Collection entries
◇ ◇ ◇ ◇ ◇ ◇ ◇
lemma measurable_T_graph: "(\<lambda>y. (T s x y, y)) \<in> measurable (density lborel f) borel"
proof -
  have "T s x \<in> borel_measurable borel" by (rule measurable_case_prod_fixed_fst[OF T_measurable])
  then have "(\<lambda>y. (T s x y, y)) \<in> measurable borel (borel \<Otimes>\<^sub>M borel)" by measurable
  then show ?thesis by (simp add: borel_prod measurable_cong_sets[OF sets_density])
qed

lemma measurable_T_graph_pair:
  "case_prod (\<lambda>x y. (T s x y, y)) \<in> measurable (borel \<Otimes>\<^sub>M density lborel f) borel"
proof -
  have [measurable]: "case_prod (T s) \<in> borel_measurable (borel \<Otimes>\<^sub>M borel)"
    using T_measurable by (simp add: borel_prod)
  have "case_prod (\<lambda>x y. (T s x y, y)) \<in> measurable (borel \<Otimes>\<^sub>M borel) (borel \<Otimes>\<^sub>M borel)"
    by measurable
  moreover have "measurable (borel \<Otimes>\<^sub>M density lborel f) (borel :: ('x \<times> 'y) measure)
      = measurable (borel \<Otimes>\<^sub>M borel) (borel \<Otimes>\<^sub>M borel)"
    by (rule measurable_cong_sets) (rule sets_pair_measure_cong, simp, simp, metis borel_prod)
  ultimately show ?thesis by simp
qed

lemma prob_space_ipf_prop1: "prob_space (ipf_prop1 (T s) (\<rho> x') x)"
  unfolding ipf_prop1_def
  by (rule prob_space.prob_space_distr[OF prob_space_rho_density measurable_T_graph])

lemma measurable_ipf_prop1: "(\<lambda>x. ipf_prop1 (T s) (\<rho> x') x) \<in> measurable borel (subprob_algebra borel)"
proof -
  have "(\<lambda>_. density lborel (\<lambda>y. ennreal (\<rho> x' y)))
      \<in> measurable (borel :: 'x measure) (subprob_algebra (density lborel (\<lambda>y. ennreal (\<rho> x' y))))"
    using prob_space_rho_density
    by (intro measurable_const) (auto simp: space_subprob_algebra prob_space_imp_subprob_space)
  then show ?thesis
    unfolding ipf_prop1_def by (rule measurable_distr2[OF measurable_T_graph_pair])
qed

lemma nn_integral_ipf_prop1:
  assumes psi: "\<psi> \<in> borel_measurable borel" "\<And>z. 0 \<le> \<psi> z"
  shows "(\<integral>\<^sup>+ z. ennreal (\<psi> z) \<partial>ipf_prop1 (T s) (\<rho> x') x) = (\<integral>\<^sup>+ y. ennreal (\<psi> (T s x y, y) * \<rho> x' y) \<partial>lborel)"
proof -
  have graph: "(\<lambda>y. (T s x y, y)) \<in> measurable lborel borel"
    using measurable_T_graph[of s x "\<lambda>_. 1"] by simp
  have e: "(\<lambda>z. ennreal (\<psi> z)) \<in> borel_measurable borel" using psi(1) by measurable
  have "(\<integral>\<^sup>+ z. ennreal (\<psi> z) \<partial>ipf_prop1 (T s) (\<rho> x') x)
      = (\<integral>\<^sup>+ y. ennreal (\<psi> (T s x y, y)) \<partial>density lborel (\<lambda>y. ennreal (\<rho> x' y)))"
    unfolding ipf_prop1_def by (rule nn_integral_distr[OF measurable_T_graph]) (use e in simp)
  also have "\<dots> = (\<integral>\<^sup>+ y. ennreal (\<rho> x' y) * ennreal (\<psi> (T s x y, y)) \<partial>lborel)"
  proof (rule nn_integral_density)
    show "(\<lambda>y. ennreal (\<rho> x' y)) \<in> borel_measurable lborel"
      using measurable_case_prod_fixed_fst[OF rho_measurable] by measurable
    show "(\<lambda>y. ennreal (\<psi> (T s x y, y))) \<in> borel_measurable lborel"
      using measurable_compose[OF graph e] by simp
  qed
  also have "\<dots> = (\<integral>\<^sup>+ y. ennreal (\<psi> (T s x y, y) * \<rho> x' y) \<partial>lborel)"
    by (intro nn_integral_cong) (simp only: mult.commute[of "\<psi> _" "\<rho> _ _"] ennreal_mult[OF rho_nonneg psi(2)])
  finally show ?thesis .
qed

lemma delta_T_rho_eq_nn_integral:
  assumes "\<psi> \<in> borel_measurable borel" "\<And>z. 0 \<le> \<psi> z"
  shows "delta_T_rho T \<rho> xs s \<psi> z = (\<integral>\<^sup>+ w. ennreal (\<psi> w) \<partial>ipf_prop1 (T s) (\<rho> (xs s)) (fst z))"
  unfolding delta_T_rho_def using assms by (simp add: nn_integral_ipf_prop1)

lemma borel_measurable_delta_T_rho:
  assumes "\<psi> \<in> borel_measurable borel" "\<And>z. 0 \<le> \<psi> z"
  shows "delta_T_rho T \<rho> xs s \<psi> \<in> borel_measurable borel"
proof -
  have "(\<lambda>w. ennreal (\<psi> w)) \<in> borel_measurable borel" using assms by measurable
  from measurable_compose[OF measurable_compose[OF measurable_fst_borel measurable_ipf_prop1]
      nn_integral_measurable_subprob_algebra[OF this]]
  show ?thesis by (simp add: delta_T_rho_eq_nn_integral[OF assms] cong: measurable_cong)
qed

lemma nn_integral_opt_pred:
  assumes mu: "sets \<mu> = sets borel" and psi: "\<psi> \<in> borel_measurable borel" "\<And>z. 0 \<le> \<psi> z"
  shows "(\<integral>\<^sup>+ z. ennreal (\<psi> z) \<partial>opt_pred T \<rho> xs s \<mu>) = (\<integral>\<^sup>+ z. delta_T_rho T \<rho> xs s \<psi> z \<partial>\<mu>)"
proof -
  have "(\<lambda>w. ennreal (\<psi> w)) \<in> borel_measurable borel" using psi by measurable
  moreover have "(\<lambda>z. ipf_prop1 (T s) (\<rho> (xs s)) (fst z)) \<in> measurable \<mu> (subprob_algebra borel)"
    using measurable_compose[OF measurable_fst_borel measurable_ipf_prop1]
    by (simp add: measurable_cong_sets[OF mu refl])
  ultimately show ?thesis
    unfolding opt_pred_def by (simp add: nn_integral_bind delta_T_rho_eq_nn_integral[OF psi])
qed

lemma sets_opt_filter: "sets (opt_filter pi0x T \<rho> \<beta> xs as s) = sets borel"
proof (induction s)
  case 0
  have "sets (ipf_pi0 pi0x \<rho> xs) = sets ((borel :: 'x measure) \<Otimes>\<^sub>M (borel :: 'y measure))"
    unfolding ipf_pi0_def by (rule sets_pair_measure_cong) (simp_all add: sets_pi0x)
  then show ?case by (metis opt_filter.simps(1) borel_prod)
next
  case (Suc s)
  have "space (opt_filter pi0x T \<rho> \<beta> xs as s) \<noteq> {}"
    using sets_eq_imp_space_eq[OF Suc.IH] by simp
  then show ?case unfolding opt_filter.simps opt_upd_def opt_pred_def sets_density
    by (rule sets_bind[rotated]) simp
qed



lemma sets_ipf_proposal [simp, measurable_cong]: "sets (ipf_proposal N T \<rho> xs s c) = sets (cloud_space N)"
  unfolding ipf_proposal_def cloud_space_def by (rule sets_PiM_cong) simp_all

lemma prob_space_ipf_proposal: "prob_space (ipf_proposal N T \<rho> xs s c)"
  unfolding ipf_proposal_def by (intro prob_space_PiM prob_space_ipf_prop1)

text \<open>The proposal batch is the image of \<open>N\<close> independent noise draws \<open>y\<^sup>i \<sim> \<rho>(\<cdot>|x\<^sub>s)\<close>;
  this representation makes it measurable in the old cloud.\<close>

lemma ipf_proposal_eq_distr_noise:
  "ipf_proposal N T \<rho> xs s c = distr (PiM {..<N} (\<lambda>_. density lborel (\<lambda>y. ennreal (\<rho> (xs s) y))))
     (cloud_space N) (\<lambda>ys. \<lambda>i\<in>{..<N}. (T s (fst (c i)) (ys i), ys i))"
proof -
  define D where "D = density lborel (\<lambda>y. ennreal (\<rho> (xs s) y))"
  define G where "G = (\<lambda>ys. \<lambda>i\<in>{..<N}. (T s (fst (c i)) (ys i), ys i))"
  let ?M = "\<lambda>i. ipf_prop1 (T s) (\<rho> (xs s)) (fst (c i))"
  have PM: "product_sigma_finite ?M"
    unfolding product_sigma_finite_def by (auto intro: prob_space_imp_sigma_finite prob_space_ipf_prop1)
  have PD: "product_sigma_finite (\<lambda>_::nat. D)"
    unfolding product_sigma_finite_def D_def by (auto intro: prob_space_imp_sigma_finite prob_space_rho_density)
  have graph: "(\<lambda>y. (T s x y, y)) \<in> measurable D borel" for x
    unfolding D_def by (rule measurable_T_graph)
  have G: "G \<in> measurable (PiM {..<N} (\<lambda>_. D)) (cloud_space N)"
    unfolding G_def cloud_space_def
  proof (rule measurable_restrict)
    fix i assume "i \<in> {..<N}"
    then show "(\<lambda>ys. (T s (fst (c i)) (ys i), ys i)) \<in> measurable (PiM {..<N} (\<lambda>_. D)) borel"
      using measurable_compose[OF measurable_component_singleton[of i "{..<N}" "\<lambda>_. D"] graph] by simp
  qed
  have "PiM {..<N} ?M = distr (PiM {..<N} (\<lambda>_. D)) (cloud_space N) G"
  proof (rule product_sigma_finite.PiM_eqI[OF PM, symmetric])
    show "sets (distr (PiM {..<N} (\<lambda>_. D)) (cloud_space N) G) = sets (PiM {..<N} ?M)"
      unfolding cloud_space_def sets_distr by (rule sets_PiM_cong) simp_all
    fix A assume A: "\<And>i. i \<in> {..<N} \<Longrightarrow> A i \<in> sets (?M i)"
    define B where "B i = (\<lambda>y. (T s (fst (c i)) y, y)) -` A i" for i
    have AC: "Pi\<^sub>E {..<N} A \<in> sets (cloud_space N)"
      unfolding cloud_space_def using A by (intro sets_PiM_I_finite) auto
    have B: "B i \<in> sets D" if "i < N" for i
    proof -
      have "A i \<in> sets borel" using A[of i] that by simp
      from measurable_sets[OF graph this] show ?thesis by (simp add: B_def D_def)
    qed
    have pre: "G -` Pi\<^sub>E {..<N} A \<inter> space (PiM {..<N} (\<lambda>_. D)) = Pi\<^sub>E {..<N} B"
      unfolding G_def B_def by (auto simp: space_PiM D_def PiE_def Pi_def extensional_def)
    have "emeasure (distr (PiM {..<N} (\<lambda>_. D)) (cloud_space N) G) (Pi\<^sub>E {..<N} A)
        = (\<Prod>i<N. emeasure D (B i))"
      using B by (simp add: emeasure_distr[OF G AC] pre) (subst product_sigma_finite.emeasure_PiM[OF PD], auto)
    also have "\<dots> = (\<Prod>i<N. emeasure (?M i) (A i))"
    proof (rule prod.cong)
      fix i assume i: "i \<in> {..<N}"
      show "emeasure D (B i) = emeasure (?M i) (A i)"
        unfolding ipf_prop1_def D_def[symmetric] using A[OF i]
        by (subst emeasure_distr[OF graph]) (auto simp: B_def D_def)
    qed simp
    finally show "emeasure (distr (PiM {..<N} (\<lambda>_. D)) (cloud_space N) G) (Pi\<^sub>E {..<N} A)
        = (\<Prod>i<N. emeasure (?M i) (A i))" .
  qed simp
  then show ?thesis unfolding ipf_proposal_def D_def G_def .
qed
text \<open>The right-hand side is the tangent line of the concave function at \<open>1 / N\<close>.\<close>
lemma neg_xlnx_le_tangent:
  assumes "p > 0" "N \<ge> 1"
  shows "neg_xlnx p \<le> 1 / N - p + p * ln N"
proof -
  have "ln (1 / (N * p)) \<le> 1 / (N * p) - 1" using assms by (intro ln_le_minus_one) auto
  moreover have "ln (1 / (N * p)) = - ln N - ln p" using assms by (simp add: ln_div ln_mult)
  ultimately have "p * (- ln N - ln p) \<le> p * (1 / (N * p) - 1)" using assms
    by (intro mult_left_mono) auto
  then show ?thesis using assms by (simp add: neg_xlnx_def algebra_simps)
qed

lemma sum_neg_xlnx_le:
  assumes "finite I" "\<And>i. i \<in> I \<Longrightarrow> 0 \<le> p i" "card {i\<in>I. p i \<noteq> 0} \<le> N" "N \<ge> 1"
  shows "(\<Sum>i\<in>I. neg_xlnx (p i)) \<le> (\<Sum>i\<in>I. p i) * ln N + 1"
proof -
  let ?J = "{i\<in>I. p i \<noteq> 0}"
  have s1: "(\<Sum>i\<in>I. neg_xlnx (p i)) = (\<Sum>i\<in>?J. neg_xlnx (p i))"
    by (rule sum.mono_neutral_right) (auto simp: assms neg_xlnx_def)
  have s2: "(\<Sum>i\<in>I. p i) = (\<Sum>i\<in>?J. p i)"
    by (rule sum.mono_neutral_right) (auto simp: assms)
  have "(\<Sum>i\<in>?J. neg_xlnx (p i)) \<le> (\<Sum>i\<in>?J. 1 / N - p i + p i * ln N)"
    using assms by (intro sum_mono neg_xlnx_le_tangent) (auto simp: le_less)
  also have "\<dots> = card ?J / N - (\<Sum>i\<in>?J. p i) + (\<Sum>i\<in>?J. p i) * ln N"
    by (simp add: sum.distrib sum_subtractf sum_distrib_right)
  finally have "(\<Sum>i\<in>?J. neg_xlnx (p i)) \<le> card ?J / N - (\<Sum>i\<in>?J. p i) + (\<Sum>i\<in>?J. p i) * ln N" .
  moreover have "card ?J / N \<le> 1" using assms by auto
  moreover have "(\<Sum>i\<in>?J. p i) \<ge> 0" using assms by (intro sum_nonneg) auto
  ultimately show ?thesis unfolding s1 s2 by linarith
qed

lemma partition_entropy_nonneg:
  assumes "prob_space M" "Q \<subseteq> sets M"
  shows "0 \<le> partition_entropy M Q"
proof -
  interpret prob_space M by fact
  show ?thesis unfolding partition_entropy_eq_sum
    by (intro sum_nonneg neg_xlnx_nonneg) (auto simp: prob_le_1)
qed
◇ ◇ ◇ ◇ ◇ ◇ ◇
▶ _Assignment_
Where the string "close" appears in a line of the entries, count that line, and state the total alone.

▶ _Answer_
3